One-at-a-time user migration – forgot password
You might have thought we were done with the one-at-a-time migration. For a robust migration, you also need to consider users who have forgotten their passwords and clicked a link or button to start the ForgotPassword flow. These might be users who need to migrate, but these users cannot complete the migration flow because they cannot sign in or be verified with the existing user directory. The diagram below illustrates the steps for handling a forgotten password flow for migration:
When users have forgotten their passwords, do not try to migrate their existing passwords to the user pool. Instead, migrate other attributes in their user profile first. So before calling ForgotPassword() for the user pool, call a backend microservice to attempt to migrate the user profile. Then return to the app to initiate the ForgotPassword flow. These users need to reset their passwords, so they need to have a verified email address or phone number migrated from the existing user directory. There is sample code for this flow at the bottom of this post.
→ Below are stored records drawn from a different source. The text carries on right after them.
(* Let $-\pi/2<\alpha<\pi/2$ and $\lambda<1$. For every $f\in\mathcal{S}^*_\alpha(\lambda)$, $\|J[f]\|\le 4(1-\lambda)\cos\alpha$, and this inequality is sharp: equality holds for some $f\in\mathcal{S}^*_\alpha(\lambda)$.
   Context: $\mathbb{D}$ is the open unit disk; $\mathcal{A}$ the class of analytic $f$ on $\mathbb{D}$ with $f(0)=0$, $f'(0)=1$. For $\alpha\in(-\pi/2,\pi/2)$, $\lambda<1$, $\mathcal{S}^*_\alpha(\lambda)=\{f\in\mathcal{A}: f(z)\neq0 \text{ for } z\ne 0,\ \mathrm{Re}\,(e^{i\alpha}zf'(z)/f(z))>\lambda\cos\alpha \text{ on }\mathbb{D}\}$. The Alexander transform is $J[f](z)=\int_0^z f(w)/w\,dw$. For $h\in\mathcal{A}$ with $h'$ nonvanishing on $\mathbb{D}$, the pre-Schwarzian norm is $\|h\|=\sup_{z\in\mathbb{D}}(1-|z|^2)|h''(z)/h'(z)|$. *)

theory Defs
  imports "HOL-Complex_Analysis.Complex_Analysis" "HOL-Library.Extended_Real"
begin

definition classA :: "(complex \<Rightarrow> complex) set" where
  "classA = {f. f holomorphic_on ball 0 1 \<and> f 0 = 0 \<and> deriv f 0 = 1}"

text \<open>Spirallike class S*_alpha(lambda). The quotient z f'(z)/f(z) is only
  meaningful for z nonzero (its value at 0 is the limit 1); the condition is
  imposed on the punctured disk.\<close>
definition spirallike :: "real \<Rightarrow> real \<Rightarrow> (complex \<Rightarrow> complex) set" where
  "spirallike \<alpha> lam = {f \<in> classA.
      (\<forall>z \<in> ball 0 1. z \<noteq> 0 \<longrightarrow> f z \<noteq> 0) \<and>
      (\<forall>z \<in> ball 0 1. z \<noteq> 0 \<longrightarrow>
          Re (exp (\<i> * of_real \<alpha>) * z * deriv f z / f z) > lam * cos \<alpha>)}"
(* A rooted tree has one arc fewer than vertices; induction step: the children
   contribute their vertex and arc counts plus one arc each, the root one vertex. *)
lemma card_rtree: "card (rarcs t) + 1 = card (rverts t)"
proof (induction t rule: rtree_induct)
  case (1 cs)
  let ?n = "length cs"
  define V where "V i = (#) i ` rverts (snd (cs ! i))" for i
  define A where "A i = insert (orient (fst (cs ! i)) [] [i])
    (map_prod ((#) i) ((#) i) ` rarcs (snd (cs ! i)))" for i
  have card_V: "card (V i) = card (rverts (snd (cs ! i)))" for i
    unfolding V_def by (rule card_image) (simp add: inj_on_def)
  have card_A: "card (A i) = Suc (card (rarcs (snd (cs ! i))))" for i
  proof -
    have "card (map_prod ((#) i) ((#) i) ` rarcs (snd (cs ! i))) = card (rarcs (snd (cs ! i)))"
      by (rule card_image) (auto simp: inj_on_def)
    then show ?thesis unfolding A_def by (subst card_insert_disjoint) (auto simp: finite_rarcs)
  qed
  have "card (rverts (Node cs)) = Suc (card (\<Union>i<?n. V i))"
    by (auto simp: rverts.simps V_def finite_rverts card_insert_if)
  also have "card (\<Union>i<?n. V i) = (\<Sum>i<?n. card (V i))"
    by (rule card_UN_disjoint) (auto simp: V_def finite_rverts)
  finally have verts: "card (rverts (Node cs)) = Suc (\<Sum>i<?n. card (rverts (snd (cs ! i))))"
    by (simp add: card_V)
  have "card (rarcs (Node cs)) = card (\<Union>i<?n. A i)"
    by (simp add: rarcs.simps A_def)
  also have "\<dots> = (\<Sum>i<?n. card (A i))"
    by (rule card_UN_disjoint) (auto simp: A_def finite_rarcs split: if_splits)
  finally have "card (rarcs (Node cs)) = (\<Sum>i<?n. card (rverts (snd (cs ! i))))"
    using 1 by (simp add: card_A)
  with verts show ?case by simp
qed
lemma bool_cl_UN:
  "finite I \<Longrightarrow> (\<And>i. i \<in> I \<Longrightarrow> bool_cl C S (F i)) \<Longrightarrow> bool_cl C S X \<Longrightarrow> bool_cl C S (X \<union> \<Union>(F ` I))"
proof (induction I rule: finite_induct)
  case (insert x I)
  have "X \<union> \<Union>(F ` insert x I) = (X \<union> \<Union>(F ` I)) \<union> F x" by auto
  then show ?case using insert by (auto intro: bool_cl.un)
qed simp

lemma bool_cl_INT:
  "finite I \<Longrightarrow> (\<And>i. i \<in> I \<Longrightarrow> bool_cl C S (F i)) \<Longrightarrow> bool_cl C S X \<Longrightarrow> bool_cl C S (X \<inter> \<Inter>(F ` I))"
proof (induction I rule: finite_induct)
  case (insert x I)
  have "X \<inter> \<Inter>(F ` insert x I) = (X \<inter> \<Inter>(F ` I)) \<inter> F x" by auto
  then show ?case using insert by (auto intro: bool_cl.inter)
qed simp

lemma bool_cl_LLT_imp_LTT:
  assumes "finite S" "bool_cl LLT S L"
  shows "LTT S L"
  using assms(2) by induction (auto intro: LLT_imp_LTT LTT_Un LTT_Int LTT_complement assms(1))

lemma bool_cl_LLT_empty: "bool_cl LLT S {}"
  by (rule bool_cl.base) (rule LLT_empty)

section \<open>Locally threshold testable languages as boolean combinations\<close>

lemma bool_cl_occ_le:
  assumes S: "finite S" and l: "1 \<le> l" and m: "m \<in> words_len S l"
  shows "bool_cl LLT S {w \<in> nonempty_words S. real (occ m w) \<le> t}"
proof (cases "t < 0")
  case True
  then have "{w \<in> nonempty_words S. real (occ m w) \<le> t} = {}" by auto
  then show ?thesis by (simp only: bool_cl_LLT_empty)
next
  case False
  then show ?thesis by (intro bool_cl.base LLT_occ_le[OF S l m]) simp
qed

lemma bool_cl_min_occ_eq:
  assumes S: "finite S" and l: "1 \<le> l" and m: "m \<in> words_len S l" and k: "k \<le> \<theta>"
  shows "bool_cl LLT S {w \<in> nonempty_words S. min (occ m w) \<theta> = k}"
proof (cases "k < \<theta>")
  case True
  then have eq: "{w \<in> nonempty_words S. min (occ m w) \<theta> = k} =
    {w \<in> nonempty_words S. real (occ m w) \<le> real k} \<inter>
    (nonempty_words S - {w \<in> nonempty_words S. real (occ m w) \<le> real k - 1})"
    by auto
  show ?thesis unfolding eq by (intro bool_cl.inter bool_cl.compl bool_cl_occ_le[OF S l m])
next
  case False
  with k have eq: "{w \<in> nonempty_words S. min (occ m w) \<theta> = k} =
    nonempty_words S - {w \<in> nonempty_words S. real (occ m w) \<le> real \<theta> - 1}"
    by auto
  show ?thesis unfolding eq by (intro bool_cl.compl bool_cl_occ_le[OF S l m])
qed

lemma LLT_pref_eq:
  assumes l: "1 \<le> l" and p: "p \<in> words_upto S (int l - 1)"
  shows "LLT S {w \<in> nonempty_words S. pref (l - 1) w = p}"
proof -
  have "{w \<in> nonempty_words S. pref (l - 1) w = p} = LLin S l {p} (words_upto S (int l - 1)) (\<lambda>_. 0) 0"
    unfolding LLin_def using suf_in_words_upto[OF _ l] by (auto simp: nonempty_words_def)
  then show ?thesis using p unfolding LLT_def
    by (intro exI[of _ l] exI[of _ "{p}"] exI[of _ "words_upto S (int l - 1)"]
       exI[of _ "\<lambda>_. 0"] exI[of _ 0]) auto
qed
Summary and best practices
In this article, we described the two basic approaches for migrating users into an Amazon Cognito User Pool. The batch method is easier to implement, but it does not preserve user passwords like the one-at-a-time migration does. You can decide what’s best for you. The one-at-a-time user migration is a best practice. The one-at-a-time migration is transparent to users and avoids the potential drop off of users that can occur when users need to reset their passwords. We hope with these explanations and code samples, you can set up either approach quickly.